:: DATASET EXCERPTS ::

definition carrierY :: "('a::cstar_algebra \<Rightarrow> 'x::complex_vector \<Rightarrow> 'x) \<Rightarrow> ('x \<times> (nat \<Rightarrow> 'a)) set" where
  "carrierY phi = UNIV \<times> tailT phi"

definition eps :: "nat \<Rightarrow> 'a::zero \<Rightarrow> nat \<Rightarrow> 'a" where
  "eps i f = (\<lambda>n. if n = i then f else 0)"

fun addB :: "'a::cstar_algebra \<times> (nat \<Rightarrow> 'a) \<Rightarrow> 'a \<times> (nat \<Rightarrow> 'a) \<Rightarrow> 'a \<times> (nat \<Rightarrow> 'a)" where
  "addB (a, f) (b, g) = (a + b, \<lambda>n. f n + g n)"
fun scalB :: "complex \<Rightarrow> 'a::cstar_algebra \<times> (nat \<Rightarrow> 'a) \<Rightarrow> 'a \<times> (nat \<Rightarrow> 'a)" where
  "scalB c (a, f) = (c *\<^sub>C a, \<lambda>n. c *\<^sub>C f n)"
fun multB :: "'a::cstar_algebra \<times> (nat \<Rightarrow> 'a) \<Rightarrow> 'a \<times> (nat \<Rightarrow> 'a) \<Rightarrow> 'a \<times> (nat \<Rightarrow> 'a)" where
  "multB (a, f) (b, g) = (a * b, \<lambda>n. f n * g n)"
fun starB :: "'a::cstar_algebra \<times> (nat \<Rightarrow> 'a) \<Rightarrow> 'a \<times> (nat \<Rightarrow> 'a)" where
  "starB (a, f) = (star a, \<lambda>n. star (f n))"
fun normB :: "'a::cstar_algebra \<times> (nat \<Rightarrow> 'a) \<Rightarrow> real" where
  "normB (a, f) = max (norm a) (SUP n. norm (f n))"

fun addY :: "'x::complex_vector \<times> (nat \<Rightarrow> 'a::cstar_algebra) \<Rightarrow> 'x \<times> (nat \<Rightarrow> 'a) \<Rightarrow> 'x \<times> (nat \<Rightarrow> 'a)" where
  "addY (x, f) (y, g) = (x + y, \<lambda>n. f n + g n)"
fun scalY :: "complex \<Rightarrow> 'x::complex_vector \<times> (nat \<Rightarrow> 'a::cstar_algebra) \<Rightarrow> 'x \<times> (nat \<Rightarrow> 'a)" where
  "scalY c (x, f) = (c *\<^sub>C x, \<lambda>n. c *\<^sub>C f n)"
definition zeroY :: "'x::complex_vector \<times> (nat \<Rightarrow> 'a::cstar_algebra)" where
  "zeroY = (0, \<lambda>n. 0)"

fun rmulY :: "('x::complex_vector \<Rightarrow> 'a::cstar_algebra \<Rightarrow> 'x) \<Rightarrow>
    'x \<times> (nat \<Rightarrow> 'a) \<Rightarrow> 'a \<times> (nat \<Rightarrow> 'a) \<Rightarrow> 'x \<times> (nat \<Rightarrow> 'a)" where
  "rmulY rm (x, f) (a, g) = (rm x a, \<lambda>n. f n * g n)"

fun ipY :: "('x::complex_vector \<Rightarrow> 'x \<Rightarrow> 'a::cstar_algebra) \<Rightarrow>
    'x \<times> (nat \<Rightarrow> 'a) \<Rightarrow> 'x \<times> (nat \<Rightarrow> 'a) \<Rightarrow> 'a \<times> (nat \<Rightarrow> 'a)" where
  "ipY ip (x, f) (y, g) = (ip x y, \<lambda>n. star (f n) * g n)"

fun phiB :: "('a::cstar_algebra \<Rightarrow> 'x::complex_vector \<Rightarrow> 'x) \<Rightarrow>
    'a \<times> (nat \<Rightarrow> 'a) \<Rightarrow> 'x \<times> (nat \<Rightarrow> 'a) \<Rightarrow> 'x \<times> (nat \<Rightarrow> 'a)" where
  "phiB phi (a, f) (x, g) =
     (phi a x, \<lambda>n. case n of 0 \<Rightarrow> a * g 0 | Suc m \<Rightarrow> f m * g (Suc m))"

definition normY :: "('x::complex_vector \<Rightarrow> 'x \<Rightarrow> 'a::cstar_algebra) \<Rightarrow> 'x \<times> (nat \<Rightarrow> 'a) \<Rightarrow> real" where
  "normY ip y = sqrt (normB (ipY ip y y))"

definition theta :: "('x::complex_vector \<Rightarrow> 'a::cstar_algebra \<Rightarrow> 'x) \<Rightarrow> ('x \<Rightarrow> 'x \<Rightarrow> 'a) \<Rightarrow>
    'x \<times> (nat \<Rightarrow> 'a) \<Rightarrow> 'x \<times> (nat \<Rightarrow> 'a) \<Rightarrow> 'x \<times> (nat \<Rightarrow> 'a) \<Rightarrow> 'x \<times> (nat \<Rightarrow> 'a)" where
  "theta rm ip u v z = rmulY rm u (ipY ip v z)"

text \<open>Finite-rank operators span{Theta_{u,v} : u, v in Y} (scalars absorbed into u).\<close>

definition finite_rankY where
  "finite_rankY rm ip phi =
     {S. \<exists>ps. set ps \<subseteq> carrierY phi \<times> carrierY phi \<and>
          (\<forall>z. S z = foldr (\<lambda>(u, v) acc. addY (theta rm ip u v z) acc) ps zeroY)}"

definition compactY where
  "compactY rm ip phi =
     {S. (\<forall>y\<in>carrierY phi. S y \<in> carrierY phi) \<and>
         (\<forall>e>0. \<exists>S'\<in>finite_rankY rm ip phi. \<forall>y\<in>carrierY phi.
             normY ip (addY (S y) (scalY (-1) (S' y))) \<le> e * normY ip y)}"

definition adjointY where
  "adjointY ip phi S S' \<longleftrightarrow>
     (\<forall>y\<in>carrierY phi. \<forall>y'\<in>carrierY phi. ipY ip (S y) y' = ipY ip y (S' y'))"

definition tail_representation ::
  "('x::complex_vector \<Rightarrow> 'a::cstar_algebra \<Rightarrow> 'x) \<Rightarrow> ('x \<Rightarrow> 'x \<Rightarrow> 'a) \<Rightarrow> ('a \<Rightarrow> 'x \<Rightarrow> 'x) \<Rightarrow>
   ('a \<times> (nat \<Rightarrow> 'a) \<Rightarrow> 'c::cstar_algebra) \<Rightarrow> ('x \<times> (nat \<Rightarrow> 'a) \<Rightarrow> 'c) \<Rightarrow> bool" where
  "tail_representation rm ip phi rho t \<longleftrightarrow>
     (\<forall>b\<in>carrierB phi. \<forall>b'\<in>carrierB phi.
        rho (addB b b') = rho b + rho b' \<and> rho (multB b b') = rho b * rho b') \<and>
     (\<forall>c. \<forall>b\<in>carrierB phi. rho (scalB c b) = c *\<^sub>C rho b) \<and>
     (\<forall>b\<in>carrierB phi. rho (starB b) = star (rho b)) \<and>
     (\<forall>y\<in>carrierY phi. \<forall>y'\<in>carrierY phi. t (addY y y') = t y + t y') \<and>
     (\<forall>c. \<forall>y\<in>carrierY phi. t (scalY c y) = c *\<^sub>C t y) \<and>
     (\<forall>y\<in>carrierY phi. \<forall>y'\<in>carrierY phi. star (t y) * t y' = rho (ipY ip y y')) \<and>
     (\<forall>b\<in>carrierB phi. \<forall>y\<in>carrierY phi. t (phiB phi b y) = rho b * t y) \<and>
     (\<forall>b\<in>carrierB phi. \<forall>y\<in>carrierY phi. t (rmulY rm y b) = t y * rho b)"

text \<open>rho1 is the *-homomorphism K(Y) -> C with rho1(Theta_{y,y'}) = t(y) t(y')^*
  (uniquely determined; it is contractive for the operator norm on Y).\<close>

definition is_pi1 ::
  "('x::complex_vector \<Rightarrow> 'a::cstar_algebra \<Rightarrow> 'x) \<Rightarrow> ('x \<Rightarrow> 'x \<Rightarrow> 'a) \<Rightarrow> ('a \<Rightarrow> 'x \<Rightarrow> 'x) \<Rightarrow>
   ('x \<times> (nat \<Rightarrow> 'a) \<Rightarrow> 'c::cstar_algebra) \<Rightarrow>
   (('x \<times> (nat \<Rightarrow> 'a) \<Rightarrow> 'x \<times> (nat \<Rightarrow> 'a)) \<Rightarrow> 'c) \<Rightarrow> bool" where
  "is_pi1 rm ip phi t rho1 \<longleftrightarrow>
     (\<forall>u\<in>carrierY phi. \<forall>v\<in>carrierY phi. rho1 (theta rm ip u v) = t u * star (t v)) \<and>
     (\<forall>S\<in>compactY rm ip phi. \<forall>S'\<in>compactY rm ip phi.
        rho1 (\<lambda>z. addY (S z) (S' z)) = rho1 S + rho1 S' \<and> rho1 (S \<circ> S') = rho1 S * rho1 S') \<and>
     (\<forall>c. \<forall>S\<in>compactY rm ip phi. rho1 (\<lambda>z. scalY c (S z)) = c *\<^sub>C rho1 S) \<and>
     (\<forall>S\<in>compactY rm ip phi. \<forall>S'. (\<forall>y\<in>carrierY phi. S' y \<in> carrierY phi) \<and>
        adjointY ip phi S S' \<longrightarrow> rho1 S' = star (rho1 S)) \<and>
     (\<forall>S\<in>compactY rm ip phi. \<forall>M\<ge>0. (\<forall>y\<in>carrierY phi. normY ip (S y) \<le> M * normY ip y)
        \<longrightarrow> norm (rho1 S) \<le> M)"

end

theory Submission
  imports Defs
begin

text \<open>If \<open>\<rho>(0, \<epsilon>\<^sub>i f) = 0\<close> then \<open>u = (0, \<epsilon>\<^sub>i f)\<close> satisfies \<open>t(u)\<^sup>* t(u) = \<rho>\<langle>u, u\<rangle> = 0\<close>, so \<open>t(u) = 0\<close>
  and \<open>\<rho>\<^sup>(\<^sup>1\<^sup>)(\<Theta>\<^sub>u\<^sub>,\<^sub>u) = 0\<close>. For \<open>f \<in> ker \<phi>\<close> the operator \<open>\<Theta>\<^sub>u\<^sub>,\<^sub>u\<close> is left multiplication by
  \<open>\<phi>\<^sub>B(0, \<epsilon>\<^sub>i\<^sub>-\<^sub>1(f f\<^sup>*))\<close> (or by \<open>\<phi>\<^sub>B(f f\<^sup>*, 0)\<close> if \<open>i = 0\<close>), so coisometry moves the hypothesis one
  coordinate down, with \<open>f f\<^sup>*\<close> in place of \<open>f\<close>. After \<open>i\<close> steps injectivity of \<open>\<rho>\<close> on \<open>A\<close> gives
  \<open>f f\<^sup>* = 0\<close>, and the C*-identity gives \<open>f = 0\<close>.\<close>

lemma star_zero [simp]: "star (0::'a::cstar_algebra) = 0"
  using star_add[of "0::'a" 0] by simp

lemma star_mult_self_eq_zero_iff [simp]: "star x * x = 0 \<longleftrightarrow> (x::'a::cstar_algebra) = 0"
  using cstar_identity[of x] by auto

lemma star_eq_zero_iff [simp]: "star x = 0 \<longleftrightarrow> (x::'a::cstar_algebra) = 0"
  by (metis star_star star_zero)

lemma mult_star_self_eq_zero_iff [simp]: "x * star x = 0 \<longleftrightarrow> (x::'a::cstar_algebra) = 0"
  using star_mult_self_eq_zero_iff[of "star x"] by (simp add: star_star)

lemma hilbert_module_rm_add_left:
  assumes "hilbert_module rm ip"
  shows "rm (x + y) a = rm x a + rm y a"
  using assms unfolding hilbert_module_def by (elim conjE) (erule allE)+

lemma hilbert_module_ip_add_right:
  assumes "hilbert_module rm ip"
  shows "ip x (y + z) = ip x y + ip x z"
  using assms unfolding hilbert_module_def by (elim conjE) (erule allE)+

lemma hilbert_module_ip_self_eq_zero:
  assumes "hilbert_module rm ip" and "ip x x = 0"
  shows "x = 0"
  using assms unfolding hilbert_module_def by (elim conjE) (erule allE, erule mp)

lemma hilbert_module_rm_zero_left:
  assumes "hilbert_module rm ip"
  shows "rm 0 a = 0"
  using hilbert_module_rm_add_left[OF assms, of 0 0 a] by simp

lemma hilbert_module_ip_zero_right:
  assumes "hilbert_module rm ip"
  shows "ip x 0 = 0"
  using hilbert_module_ip_add_right[OF assms, of x 0 0] by simp

lemma correspondence_phi_zero:
  assumes "correspondence rm ip phi"
  shows "phi 0 x = 0"
proof -
  have "phi (0 + 0) x = phi 0 x + phi 0 x"
    using assms by (simp only: correspondence_def)
  then show ?thesis by simp
qed

lemma correspondence_zero_in_kerphi:
  assumes "correspondence rm ip phi"
  shows "0 \<in> kerphi phi"
  using correspondence_phi_zero[OF assms] by (simp add: kerphi_def)

lemma correspondence_kerphi_mult_right:
  assumes "correspondence rm ip phi" and "f \<in> kerphi phi"
  shows "f * g \<in> kerphi phi"
  using assms by (simp add: correspondence_def kerphi_def)

lemma correspondence_kerphi_star:
  assumes corr: "correspondence rm ip phi" and f: "f \<in> kerphi phi"
  shows "star f \<in> kerphi phi"
proof -
  have hm: "hilbert_module rm ip" using corr by (simp add: correspondence_def)
  have "phi (star f) x = 0" for x
  proof -
    have "ip (phi (star f) x) (phi (star f) x) = ip x (phi f (phi (star f) x))"
      using corr by (simp add: correspondence_def star_star)
    also have "\<dots> = 0"
      using f hilbert_module_ip_zero_right[OF hm] by (simp add: kerphi_def)
    finally show ?thesis by (rule hilbert_module_ip_self_eq_zero[OF hm])
  qed
  then show ?thesis by (simp add: kerphi_def)
qed

lemma zero_in_tailT:
  assumes "0 \<in> kerphi phi"
  shows "(\<lambda>n. 0) \<in> tailT phi"
  using assms by (simp add: tailT_def)

lemma eps_in_tailT:
  assumes "0 \<in> kerphi phi" and "f \<in> kerphi phi"
  shows "eps i f \<in> tailT phi"
proof -
  have "\<forall>\<^sub>F n in sequentially. eps i f n = 0"
    by (rule eventually_sequentiallyI[of "Suc i"]) (simp add: eps_def)
  then have "eps i f \<longlonglongrightarrow> 0" by (rule tendsto_eventually)
  then show ?thesis using assms by (simp add: tailT_def eps_def)
qed

lemma theta_eps_eps:
  assumes "hilbert_module rm ip"
  shows "theta rm ip (0, eps i f) (0, eps i g) = (\<lambda>z. (0, eps i (f * star g * snd z i)))"
  using hilbert_module_rm_zero_left[OF assms]
  by (auto simp: fun_eq_iff theta_def eps_def mult.assoc split: prod.split)

lemma phiB_kerphi_zero:
  assumes "g \<in> kerphi phi"
  shows "phiB phi (g, \<lambda>n. 0) = (\<lambda>z. (0, eps 0 (g * snd z 0)))"
  using assms by (auto simp: fun_eq_iff kerphi_def eps_def split: prod.split nat.split)

lemma phiB_zero_eps:
  assumes "correspondence rm ip phi"
  shows "phiB phi (0, eps m g) = (\<lambda>z. (0, eps (Suc m) (g * snd z (Suc m))))"
  using correspondence_phi_zero[OF assms]
  by (auto simp: fun_eq_iff eps_def split: prod.split nat.split)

:::

In the reply, include exactly the lines from the beginning of the entries above through the line holding "(a + b, \<lambda>n.", and nothing besides.

definition carrierY :: "('a::cstar_algebra \<Rightarrow> 'x::complex_vector \<Rightarrow> 'x) \<Rightarrow> ('x \<times> (nat \<Rightarrow> 'a)) set" where
  "carrierY phi = UNIV \<times> tailT phi"

definition eps :: "nat \<Rightarrow> 'a::zero \<Rightarrow> nat \<Rightarrow> 'a" where
  "eps i f = (\<lambda>n. if n = i then f else 0)"

fun addB :: "'a::cstar_algebra \<times> (nat \<Rightarrow> 'a) \<Rightarrow> 'a \<times> (nat \<Rightarrow> 'a) \<Rightarrow> 'a \<times> (nat \<Rightarrow> 'a)" where
  "addB (a, f) (b, g) = (a + b, \<lambda>n. f n + g n)"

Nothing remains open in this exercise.